lemma matvec_power_cong:
  assumes "\<And>j. j < n \<Longrightarrow> f j = g j" and "i < n"
  shows "(matvec n M ^^ k) f i = (matvec n M ^^ k) g i"
proof (cases k)
  case 0
  then show ?thesis using assms by simp
next
  case (Suc k')
  then show ?thesis using matvec_cong[OF assms(1)] by (simp only: funpow_Suc_right o_def)
qed

lemma matvec_lin: "matvec n M (\<lambda>j. c * f j + d * g j) = (\<lambda>i. c * matvec n M f i + d * matvec n M g i)"
  unfolding matvec_def by (auto simp: algebra_simps sum.distrib sum_distrib_left)

lemma matvec_power_lin:
  "(matvec n M ^^ k) (\<lambda>j. c * f j + d * g j) = (\<lambda>i. c * (matvec n M ^^ k) f i + d * (matvec n M ^^ k) g i)"
proof (induction k arbitrary: f g)
  case (Suc k)
  then show ?case by (simp only: funpow_Suc_right o_def matvec_lin)
qed simp

lemma matvec_smult: "matvec n M (\<lambda>j. c * y j) i = c * matvec n M y i"
  unfolding matvec_def by (simp add: sum_distrib_left mult_ac)

lemma matvec_power_smult: "(matvec n M ^^ k) (\<lambda>j. c * y j) i = c * (matvec n M ^^ k) y i"
  using matvec_power_lin[where k = k and c = c and f = y and d = 0 and g = y] by simp

lemma matvec_mono:
  fixes M :: "nat \<Rightarrow> nat \<Rightarrow> real"
  assumes "\<And>i j. i < n \<Longrightarrow> j < n \<Longrightarrow> 0 \<le> M i j" and "\<And>j. j < n \<Longrightarrow> f j \<le> g j"
    and "i < n"
  shows "matvec n M f i \<le> matvec n M g i"
  unfolding matvec_def using assms by (intro sum_mono mult_left_mono) auto

lemma matvec_power_mono:
  fixes M :: "nat \<Rightarrow> nat \<Rightarrow> real"
  assumes M: "\<And>i j. i < n \<Longrightarrow> j < n \<Longrightarrow> 0 \<le> M i j"
    and "\<And>j. j < n \<Longrightarrow> f j \<le> g j" and "i < n"
  shows "(matvec n M ^^ k) f i \<le> (matvec n M ^^ k) g i"
  using assms(2,3)
proof (induction k arbitrary: f g i)
  case (Suc k)
  have "(matvec n M ^^ k) (matvec n M f) i \<le> (matvec n M ^^ k) (matvec n M g) i"
    by (rule Suc.IH) (auto intro!: matvec_mono M Suc.prems)
  then show ?case by (simp only: funpow_Suc_right o_def)
qed simp

lemma matvec_power_mono_matrix:
  fixes L M :: "nat \<Rightarrow> nat \<Rightarrow> real"
  assumes L: "\<And>i j. i < n \<Longrightarrow> j < n \<Longrightarrow> 0 \<le> L i j"
    and LM: "\<And>i j. i < n \<Longrightarrow> j < n \<Longrightarrow> L i j \<le> M i j"
    and "\<And>j. j < n \<Longrightarrow> 0 \<le> f j" and "i < n"
  shows "(matvec n L ^^ k) f i \<le> (matvec n M ^^ k) f i"
  using assms(3,4)
proof (induction k arbitrary: f i)
  case (Suc k)
  have M: "0 \<le> M i j" if "i < n" "j < n" for i j using L LM that by (meson order_trans)
  have "matvec n L f j \<le> matvec n M f j" if "j < n" for j
    unfolding matvec_def using LM Suc.prems(1) that by (intro sum_mono mult_right_mono) auto
  then have "(matvec n L ^^ k) (matvec n L f) i \<le> (matvec n L ^^ k) (matvec n M f) i"
    using Suc.prems(2) by (intro matvec_power_mono L)
  also have "\<dots> \<le> (matvec n M ^^ k) (matvec n M f) i"
    by (rule Suc.IH[OF _ Suc.prems(2)])
       (use M Suc.prems(1) in \<open>auto simp: matvec_def intro!: sum_nonneg\<close>)
  finally show ?case by (simp only: funpow_Suc_right o_def)
qed simp

lemma matvec_map_mat:
  assumes "A \<in> carrier_mat n n" and "i < n"
  shows "matvec n (\<lambda>i j. map_mat f A $$ (i,j)) y i = matvec n (\<lambda>i j. f (A $$ (i,j))) y i"
  using assms unfolding matvec_def by (auto intro!: sum.cong)

lemma mult_mat_vec_eq_matvec:
  assumes "P \<in> carrier_mat n n" and "i < n"
  shows "(P *\<^sub>v vec n y) $ i = matvec n (\<lambda>i j. P $$ (i,j)) y i"
  using assms unfolding matvec_def by (simp add: scalar_prod_def atLeast0LessThan row_def)

lemma eigenvalue_iff_matvec:
  fixes M :: "'a::field mat"
  assumes M: "M \<in> carrier_mat n n"
  shows "eigenvalue M \<nu> \<longleftrightarrow>
    (\<exists>v. (\<exists>i<n. v i \<noteq> 0) \<and> (\<forall>i<n. matvec n (\<lambda>i j. M $$ (i,j)) v i = \<nu> * v i))"
proof
  assume "eigenvalue M \<nu>"
  then obtain v where v: "v \<in> carrier_vec n" "v \<noteq> 0\<^sub>v n" "M *\<^sub>v v = \<nu> \<cdot>\<^sub>v v"
    using M unfolding eigenvalue_def eigenvector_def by auto
  have "\<exists>i<n. v $ i \<noteq> 0"
    using v(1,2) by (metis carrier_vecD eq_vecI index_zero_vec)
  moreover have "vec n (($) v) = v" using v(1) by auto
  then have "matvec n (\<lambda>i j. M $$ (i,j)) (($) v) i = \<nu> * v $ i" if "i < n" for i
    using mult_mat_vec_eq_matvec[OF M that, of "($) v"] v(1,3) that by auto
  ultimately show "\<exists>v. (\<exists>i<n. v i \<noteq> 0) \<and> (\<forall>i<n. matvec n (\<lambda>i j. M $$ (i,j)) v i = \<nu> * v i)"
    by blast
next
  assume "\<exists>v. (\<exists>i<n. v i \<noteq> 0) \<and> (\<forall>i<n. matvec n (\<lambda>i j. M $$ (i,j)) v i = \<nu> * v i)"
  then obtain v i0 where i0: "i0 < n" "v i0 \<noteq> 0"
    and v: "\<And>i. i < n \<Longrightarrow> matvec n (\<lambda>i j. M $$ (i,j)) v i = \<nu> * v i" by blast
  have "vec n v \<noteq> 0\<^sub>v n" using i0 by (metis index_vec index_zero_vec(1))
  moreover have "M *\<^sub>v vec n v = \<nu> \<cdot>\<^sub>v vec n v"
    using M v mult_mat_vec_eq_matvec[OF M] by (intro eq_vecI) auto
  ultimately show "eigenvalue M \<nu>"
    using M unfolding eigenvalue_def eigenvector_def by (intro exI[of _ "vec n v"]) auto
qed
(* Let $A\in\mathbb{R}^{n\times n}$ be symmetric with $r:=\mathrm{rank}(A)$, and let $\epsilon\ge 0$. Let $S\subseteq\{1,\dots,n\}$ with $|S|=r$ be such that the principal submatrix $A[S]$ is nonsingular, and let $T$ be obtained from $S$ by replacing one element of $S$ by an element of $\{1,\dots,n\}\setminus S$. If $|\det(A[T])|\le(1+\epsilon)|\det(A[S])|$, then $|\det(A[S,T])|\le\sqrt{1+\epsilon}\,|\det(A[S])|$.
   Context: $A[S,T]$ denotes the submatrix of $A$ with row indices $S$ and column indices $T$, and $A[S]:=A[S,S]$ is the principal submatrix with row/column indices $S$ (index sets taken in a fixed order; only absolute values of determinants are involved). *)

theory Defs
  imports "Jordan_Normal_Form.DL_Rank" "Jordan_Normal_Form.DL_Submatrix"
begin

end

theory Submission
  imports Defs "Jordan_Normal_Form.DL_Rank_Submatrix"
begin

text \<open>Since \<open>A\<close> has rank \<open>r = |S|\<close> and \<open>A[S]\<close> is nonsingular, the columns of \<open>A\<close> indexed by
  \<open>S\<close> span its column space, so \<open>A = A[\<star>,S] X\<close> for some \<open>r \<times> n\<close> matrix \<open>X\<close> and every
  minor factors as \<open>det A[U,T] = det A[U,S] det X[\<star>,T]\<close>. Taking \<open>U = S\<close> and \<open>U = T\<close> and using
  \<open>A[T,S] = A[S,T]\<^sup>T\<close> gives \<open>det A[S,T]\<^sup>2 = det A[S] det A[T]\<close>, which the hypothesis bounds
  by \<open>(1 + \<epsilon>) det A[S]\<^sup>2\<close>.\<close>

lemma submatrix_carrier_mat:
  assumes "A \<in> carrier_mat n m"
  shows "submatrix A I J \<in> carrier_mat (card (I \<inter> {..<n})) (card (J \<inter> {..<m}))"
proof -
  have "{a. a < n \<and> a \<in> I} = I \<inter> {..<n}" and "{a. a < m \<and> a \<in> J} = J \<inter> {..<m}"
    by auto
  then show ?thesis
    using assms by (intro carrier_matI) (simp_all add: dim_submatrix)
qed

lemma submatrix_mult:
  assumes C: "C \<in> carrier_mat n r" and X: "X \<in> carrier_mat r m"
  shows "submatrix (C * X) U V = submatrix C U UNIV * submatrix X UNIV V"
proof (rule eq_matI)
  show "dim_row (submatrix (C * X) U V) = dim_row (submatrix C U UNIV * submatrix X UNIV V)"
    using C X by (simp add: dim_submatrix)
  show "dim_col (submatrix (C * X) U V) = dim_col (submatrix C U UNIV * submatrix X UNIV V)"
    using C X by (simp add: dim_submatrix)
  fix i j assume i: "i < dim_row (submatrix C U UNIV * submatrix X UNIV V)"
    and j: "j < dim_col (submatrix C U UNIV * submatrix X UNIV V)"
  have i': "i < card {a. a < n \<and> a \<in> U}" and j': "j < card {a. a < m \<and> a \<in> V}"
    using i j C X by (auto simp: dim_submatrix)
  have pick_i: "pick U i < n" using pick_le[OF i'] .
  have pick_j: "pick V j < m" using pick_le[OF j'] .
  have "submatrix (C * X) U V $$ (i, j) = (C * X) $$ (pick U i, pick V j)"
    using submatrix_index[of i "C * X" U j V] i' j' C X by simp
  also have "\<dots> = (\<Sum>l<r. C $$ (pick U i, l) * X $$ (l, pick V j))"
    using pick_i pick_j C X by (simp add: scalar_prod_def lessThan_atLeast0)
  also have "\<dots> = (submatrix C U UNIV * submatrix X UNIV V) $$ (i, j)"
    using i' j' C X
    by (simp add: scalar_prod_def dim_submatrix submatrix_index pick_UNIV lessThan_atLeast0)
  finally show "submatrix (C * X) U V $$ (i, j) = (submatrix C U UNIV * submatrix X UNIV V) $$ (i, j)" .
qed

lemma transpose_submatrix:
  "transpose_mat (submatrix A I J) = submatrix (transpose_mat A) J I"
proof (rule eq_matI)
  fix i j assume "i < dim_row (submatrix (transpose_mat A) J I)" "j < dim_col (submatrix (transpose_mat A) J I)"
  then show "transpose_mat (submatrix A I J) $$ (i, j) = submatrix (transpose_mat A) J I $$ (i, j)"
    using pick_le[of i "dim_col A" J] pick_le[of j "dim_row A" I]
    by (simp add: dim_submatrix submatrix_index)
qed (auto simp: dim_submatrix)

lemma (in vec_space) cols_submatrix_indpt_if_minor_nonzero:
  assumes A: "A \<in> carrier_mat n nc" and minor: "det (submatrix A I J) \<noteq> 0"
  shows "distinct (cols (submatrix A UNIV J))" and "lin_indpt (set (cols (submatrix A UNIV J)))"
proof -
  define M where "M = submatrix A I J"
  define k where "k = card {i. i < n \<and> i \<in> I}"
  have "dim_row M = dim_col M"
    using minor det_def unfolding M_def by metis
  moreover have "dim_row M = k"
    unfolding M_def k_def dim_submatrix carrier_matD(1)[OF A] ..
  ultimately have M: "M \<in> carrier_mat k k"
    by (intro carrier_matI) simp_all
  have rank_M: "vec_space.rank k M = k"
    using vec_space.low_rank_det_zero[OF M] minor unfolding M_def .
  have distinct_M: "distinct (cols M)"
    using vec_space.non_distinct_low_rank[OF M] rank_M by (metis less_irrefl)
  have indpt_M: "module.lin_indpt class_ring (module_vec TYPE('a) k) (set (cols M))"
    by (rule vec_space.full_rank_lin_indpt[OF M rank_M distinct_M])
  have split: "M = submatrix (submatrix A UNIV J) I UNIV"
    unfolding M_def by (rule submatrix_split)
  have distinct_M': "distinct (cols (submatrix (submatrix A UNIV J) I UNIV))"
    using distinct_M unfolding split .
  show "distinct (cols (submatrix A UNIV J))"
    by (rule distinct_cols_submatrix_UNIV[OF distinct_M'])
  have "submatrix A UNIV J \<in> carrier_mat n (dim_col (submatrix A UNIV J))"
    by (intro carrier_matI) (simp_all only: dim_submatrix carrier_matD(1)[OF A], simp)
  then show "lin_indpt (set (cols (submatrix A UNIV J)))"
    using lin_dep_submatrix_UNIV[OF _ _ distinct_M'] indpt_M[unfolded k_def split] by blast
qed
lemma (in vec_space) col_in_span_of_indpt_cols:
  assumes A: "A \<in> carrier_mat n nc" and C: "C \<in> carrier_mat n r"
    and sub: "set (cols C) \<subseteq> set (cols A)" and dist: "distinct (cols C)"
    and indpt: "lin_indpt (set (cols C))" and rank: "rank A = r" and k: "k < nc"
  shows "col A k \<in> span (set (cols C))"
proof (rule ccontr)
  let ?U = "set (cols C)"
  assume not_in_span: "col A k \<notin> span ?U"
  have U: "?U \<subseteq> carrier_vec n" using C cols_dim by blast
  have "col A k \<in> carrier_vec n" using A k by auto
  moreover have "col A k \<notin> ?U" using span_mem[OF U] not_in_span by blast
  ultimately have "lin_indpt (insert (col A k) ?U)"
    using lin_dep_iff_in_span[OF U indpt] not_in_span by auto
  moreover have "col A k \<in> set (cols A)"
    using A k by (metis carrier_matD(2) cols_length cols_nth nth_mem)
  ultimately have "card (insert (col A k) ?U) \<le> r"
    using rank_ge_card_indpt[OF A, of "insert (col A k) ?U"] sub rank by simp
  moreover have "card (insert (col A k) ?U) = Suc r"
    using distinct_card[OF dist] C \<open>col A k \<notin> ?U\<close> by simp
  ultimately show False by simp
qed

lemma (in vec_space) rank_factorization:
  assumes A: "A \<in> carrier_mat n nc" and C: "C \<in> carrier_mat n r"
    and sub: "set (cols C) \<subseteq> set (cols A)" and dist: "distinct (cols C)"
    and indpt: "lin_indpt (set (cols C))" and rank: "rank A = r"
  obtains X where "X \<in> carrier_mat r nc" and "A = C * X"
proof -
  have "\<exists>x \<in> carrier_vec r. col A k = C *\<^sub>v x" if k: "k < nc" for k
  proof -
    have U: "set (cols C) \<subseteq> carrier_vec n" using C cols_dim by blast
    obtain c where "lincomb c (set (cols C)) = col A k"
      using finite_in_span[OF _ U col_in_span_of_indpt_cols[OF A C sub dist indpt rank k]] by auto
    then show ?thesis
      using mat_mult_eq_lincomb[OF C dist, of c] by (intro bexI[of _ "vec r (\<lambda>i. c (col C i))"]) auto
  qed
  then obtain x where x: "\<And>k. k < nc \<Longrightarrow> x k \<in> carrier_vec r \<and> col A k = C *\<^sub>v x k"
    by metis
  define X where "X = mat r nc (\<lambda>(a, k). x k $ a)"
  have X: "X \<in> carrier_mat r nc" by (simp add: X_def)
  have "A = C * X"
  proof (rule eq_matI)
    fix a k assume "a < dim_row (C * X)" "k < dim_col (C * X)"
    then have a: "a < n" and k: "k < nc" using C X by auto
    have "col X k = x k" using x[OF k] k by (auto simp: X_def)
    have "A $$ (a, k) = (C *\<^sub>v x k) $ a" using x[OF k] A a k by (metis col_def carrier_matD index_vec)
    also have "\<dots> = row C a \<bullet> col X k" using C a \<open>col X k = x k\<close> by simp
    also have "\<dots> = (C * X) $$ (a, k)" using C X a k by simp
    finally show "A $$ (a, k) = (C * X) $$ (a, k)" .
  qed (use A C X in auto)
  with X show ?thesis by (rule that)
qed

lemma submatrix_factor_through_cols:
  fixes A :: "'a::field mat"
  assumes A: "A \<in> carrier_mat n m" and S: "S \<subseteq> {0..<m}"
    and minor: "det (submatrix A R S) \<noteq> 0" and rank: "card S = vec_space.rank n A"
  obtains X where "X \<in> carrier_mat (card S) m"
    and "\<And>U V. submatrix A U V = submatrix A U S * submatrix X UNIV V"
proof -
  interpret vec_space "TYPE('a)" n .
  define C where "C = submatrix A UNIV S"
  have "S \<inter> {..<m} = S" using S by auto
  then have C: "C \<in> carrier_mat n (card S)"
    using submatrix_carrier_mat[OF A, of UNIV S] unfolding C_def by simp
  have sub: "set (cols C) \<subseteq> set (cols A)"
    unfolding C_def by (rule cols_submatrix_subset)
  have dist: "distinct (cols C)"
    unfolding C_def by (rule cols_submatrix_indpt_if_minor_nonzero(1)[OF A minor])
  have indpt: "lin_indpt (set (cols C))"
    unfolding C_def by (rule cols_submatrix_indpt_if_minor_nonzero(2)[OF A minor])
  obtain X where X: "X \<in> carrier_mat (card S) m" and AX: "A = C * X"
    by (rule rank_factorization[OF A C sub dist indpt rank[symmetric]])
  have "submatrix A U V = submatrix A U S * submatrix X UNIV V" for U V
  proof -
    have "submatrix A U V = submatrix C U UNIV * submatrix X UNIV V"
      unfolding AX by (rule submatrix_mult[OF C X])
    also have "submatrix C U UNIV = submatrix A U S"
      unfolding C_def by (rule submatrix_split[symmetric])
    finally show ?thesis .
  qed
  with X show ?thesis by (rule that)
qed

lemma det_submatrix_square_eq_if_symmetric:
  fixes A :: "'a::field mat"
  assumes A: "A \<in> carrier_mat n n" and sym: "transpose_mat A = A"
    and S: "S \<subseteq> {0..<n}" and minor: "det (submatrix A S S) \<noteq> 0"
    and rank: "card S = vec_space.rank n A"
    and T: "T \<subseteq> {0..<n}" and card_T: "card T = card S"
  shows "det (submatrix A S T) ^ 2 = det (submatrix A S S) * det (submatrix A T T)"
proof -
  obtain X where X: "X \<in> carrier_mat (card S) n"
    and factor: "\<And>U V. submatrix A U V = submatrix A U S * submatrix X UNIV V"
    using submatrix_factor_through_cols[OF A S minor rank] by blast
  have restrict: "U \<inter> {..<n} = U" if "U \<subseteq> {0..<n}" for U
    using that by auto
  have XT: "submatrix X UNIV T \<in> carrier_mat (card S) (card S)"
    using submatrix_carrier_mat[OF X, of UNIV T] restrict[OF T] card_T by simp
  have det_factor: "det (submatrix A U T) = det (submatrix A U S) * det (submatrix X UNIV T)"
    if "U \<subseteq> {0..<n}" "card U = card S" for U
    using factor[of U T] det_mult[OF _ XT] submatrix_carrier_mat[OF A, of U S]
      restrict[OF that(1)] restrict[OF S] that(2) by simp
  have "det (submatrix A T S) = det (transpose_mat (submatrix A S T))"
    using transpose_submatrix[of A S T] sym by simp
  also have "\<dots> = det (submatrix A S T)"
    using det_transpose submatrix_carrier_mat[OF A, of S T] restrict[OF S] restrict[OF T] card_T
    by simp
  finally have symmetric_minor: "det (submatrix A T S) = det (submatrix A S T)" .
  show ?thesis
    using det_factor[OF S refl] det_factor[OF T card_T] symmetric_minor
    by (simp add: power2_eq_square)
qed

lemma abs_le_sqrt_mult_if_square_eq:
  fixes p s t c :: real
  assumes "p ^ 2 = s * t" and "\<bar>t\<bar> \<le> c * \<bar>s\<bar>"
  shows "\<bar>p\<bar> \<le> sqrt c * \<bar>s\<bar>"
proof -
  have "p ^ 2 = \<bar>s\<bar> * \<bar>t\<bar>" using assms(1) by (metis abs_mult abs_power2)
  also have "\<dots> \<le> c * \<bar>s\<bar> ^ 2"
    using mult_left_mono[OF assms(2), of "\<bar>s\<bar>"] by (simp add: power2_eq_square algebra_simps)
  finally have "sqrt (p ^ 2) \<le> sqrt (c * \<bar>s\<bar> ^ 2)" by (rule real_sqrt_le_mono)
  then show ?thesis by (simp add: real_sqrt_mult)
qed

theorem lemma2p4:
  fixes A :: "real mat" and n r :: nat and \<epsilon> :: real
    and S T :: "nat set" and i j :: nat
  assumes "A \<in> carrier_mat n n"
    and "transpose_mat A = A"
    and "r = vec_space.rank n A"
    and "\<epsilon> \<ge> 0"
    and "S \<subseteq> {0..<n}" and "card S = r"
    and "det (submatrix A S S) \<noteq> 0"
    and "i \<in> S" and "j \<in> {0..<n} - S"
    and "T = insert j (S - {i})"
    and "\<bar>det (submatrix A T T)\<bar> \<le> (1 + \<epsilon>) * \<bar>det (submatrix A S S)\<bar>"
  shows "\<bar>det (submatrix A S T)\<bar> \<le> sqrt (1 + \<epsilon>) * \<bar>det (submatrix A S S)\<bar>"
proof -
  have T: "T \<subseteq> {0..<n}" using assms(5,9,10) by auto
  have "finite S" using assms(5) finite_subset by blast
  then have "card T = Suc (card (S - {i}))" using assms(9,10) by simp
  also have "\<dots> = card S" using card_Suc_Diff1 \<open>finite S\<close> assms(8) .
  finally have "card T = card S" .
  then have "det (submatrix A S T) ^ 2 = det (submatrix A S S) * det (submatrix A T T)"
    using det_submatrix_square_eq_if_symmetric[OF assms(1,2,5,7)] assms(3,6) T by simp
  then show ?thesis by (rule abs_le_sqrt_mult_if_square_eq[OF _ assms(11)])
qed

end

___

*Description of the task:*
Using the records above, gather all lines where the string "moreover" is present.

*Result for this task:*
  moreover have "vec n (($) v) = v" using v(1) by auto
  moreover have "M *\<^sub>v vec n v = \<nu> \<cdot>\<^sub>v vec n v"
  moreover have "dim_row M = k"
  moreover have "col A k \<notin> ?U" using span_mem[OF U] not_in_span by blast
  moreover have "col A k \<in> set (cols A)"
  moreover have "card (insert (col A k) ?U) = Suc r"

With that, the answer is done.